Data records
* * *

lemma gprod_map_mult_central:
  assumes "\<And>j. j \<in> set L \<Longrightarrow> c j \<in> group_center G" and "\<And>j. j \<in> set L \<Longrightarrow> u j \<in> carrier G"
  shows "gprod G (map (\<lambda>j. c j \<otimes> u j) L) = gprod G (map c L) \<otimes> gprod G (map u L)"
  using assms
proof (induction L)
  case (Cons a L)
  let ?C = "gprod G (map c L)" and ?U = "gprod G (map u L)"
  have C: "?C \<in> group_center G" using Cons.prems by (intro gprod_in_center) auto
  have "c j \<in> carrier G" if "j \<in> set (a # L)" for j
    using Cons.prems(1)[OF that] center_carrier by blast
  then have carrier: "?C \<in> carrier G" "?U \<in> carrier G" "c a \<in> carrier G" "u a \<in> carrier G"
    using Cons.prems(2) by (auto intro!: gprod_closed)
  have "c a \<otimes> u a \<otimes> (?C \<otimes> ?U) = c a \<otimes> (u a \<otimes> ?C) \<otimes> ?U" using carrier by (simp add: m_assoc)
  also have "\<dots> = c a \<otimes> (?C \<otimes> u a) \<otimes> ?U" using carrier center_commute[OF C, of "u a"] by simp
  also have "\<dots> = (c a \<otimes> ?C) \<otimes> (u a \<otimes> ?U)" using carrier by (simp add: m_assoc)
  finally show ?case using Cons by simp
qed simp

lemma gprod_central_cancel:
  assumes "\<And>j. j \<in> set L \<Longrightarrow> c j \<in> group_center G" and "\<And>j. j \<in> set L \<Longrightarrow> t j \<in> carrier G"
  shows "gprod G (map (\<lambda>j. c j \<otimes> t j) L) \<otimes> gprod G (map (\<lambda>j. inv (t j)) (rev L)) = gprod G (map c L)"
proof -
  have "c j \<in> carrier G" if "j \<in> set L" for j
    using assms(1)[OF that] center_carrier by blast
  then have carrier: "gprod G (map c L) \<in> carrier G" "gprod G (map t L) \<in> carrier G"
    using assms(2) by (auto intro!: gprod_closed)
  have "gprod G (map (\<lambda>j. c j \<otimes> t j) L) \<otimes> gprod G (map (\<lambda>j. inv (t j)) (rev L))
      = gprod G (map c L) \<otimes> gprod G (map t L) \<otimes> inv (gprod G (map t L))"
    using assms by (simp add: gprod_map_mult_central gprod_map_inv_rev)
  then show ?thesis using carrier by (simp add: m_assoc)
qed

lemma gprod_map_single:
  assumes "distinct L" "i \<in> set L" "\<And>j. j \<in> set L \<Longrightarrow> j \<noteq> i \<Longrightarrow> c j = \<one>" "c i \<in> carrier G"
  shows "gprod G (map c L) = c i"
  using assms
proof (induction L)
  case (Cons a L)
  show ?case
  proof (cases "a = i")
    case True
    with Cons.prems have "gprod G (map c L) = \<one>"
      by (induction L) auto
    with True Cons.prems show ?thesis by simp
  next
    case False
    with Cons show ?thesis by simp
  qed
qed simp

* * *

> **Your task**
Retype the records, line for line.

> **Result of the task**
lemma gprod_map_mult_central:
  assumes "\<And>j. j \<in> set L \<Longrightarrow> c j \<in> group_center G" and "\<And>j. j \<in> set L \<Longrightarrow> u j \<in> carrier G"
  shows "gprod G (map (\<lambda>j. c j \<otimes> u j) L) = gprod G (map c L) \<otimes> gprod G (map u L)"
  using assms
proof (induction L)
  case (Cons a L)
  let ?C = "gprod G (map c L)" and ?U = "gprod G (map u L)"
  have C: "?C \<in> group_center G" using Cons.prems by (intro gprod_in_center) auto
  have "c j \<in> carrier G" if "j \<in> set (a # L)" for j
    using Cons.prems(1)[OF that] center_carrier by blast
  then have carrier: "?C \<in> carrier G" "?U \<in> carrier G" "c a \<in> carrier G" "u a \<in> carrier G"
    using Cons.prems(2) by (auto intro!: gprod_closed)
  have "c a \<otimes> u a \<otimes> (?C \<otimes> ?U) = c a \<otimes> (u a \<otimes> ?C) \<otimes> ?U" using carrier by (simp add: m_assoc)
  also have "\<dots> = c a \<otimes> (?C \<otimes> u a) \<otimes> ?U" using carrier center_commute[OF C, of "u a"] by simp
  also have "\<dots> = (c a \<otimes> ?C) \<otimes> (u a \<otimes> ?U)" using carrier by (simp add: m_assoc)
  finally show ?case using Cons by simp
qed simp

lemma gprod_central_cancel:
  assumes "\<And>j. j \<in> set L \<Longrightarrow> c j \<in> group_center G" and "\<And>j. j \<in> set L \<Longrightarrow> t j \<in> carrier G"
  shows "gprod G (map (\<lambda>j. c j \<otimes> t j) L) \<otimes> gprod G (map (\<lambda>j. inv (t j)) (rev L)) = gprod G (map c L)"
proof -
  have "c j \<in> carrier G" if "j \<in> set L" for j
    using assms(1)[OF that] center_carrier by blast
  then have carrier: "gprod G (map c L) \<in> carrier G" "gprod G (map t L) \<in> carrier G"
    using assms(2) by (auto intro!: gprod_closed)
  have "gprod G (map (\<lambda>j. c j \<otimes> t j) L) \<otimes> gprod G (map (\<lambda>j. inv (t j)) (rev L))
      = gprod G (map c L) \<otimes> gprod G (map t L) \<otimes> inv (gprod G (map t L))"
    using assms by (simp add: gprod_map_mult_central gprod_map_inv_rev)
  then show ?thesis using carrier by (simp add: m_assoc)
qed

lemma gprod_map_single:
  assumes "distinct L" "i \<in> set L" "\<And>j. j \<in> set L \<Longrightarrow> j \<noteq> i \<Longrightarrow> c j = \<one>" "c i \<in> carrier G"
  shows "gprod G (map c L) = c i"
  using assms
proof (induction L)
  case (Cons a L)
  show ?case
  proof (cases "a = i")
    case True
    with Cons.prems have "gprod G (map c L) = \<one>"
      by (induction L) auto
    with True Cons.prems show ?thesis by simp
  next
    case False
    with Cons show ?thesis by simp
  qed
qed simp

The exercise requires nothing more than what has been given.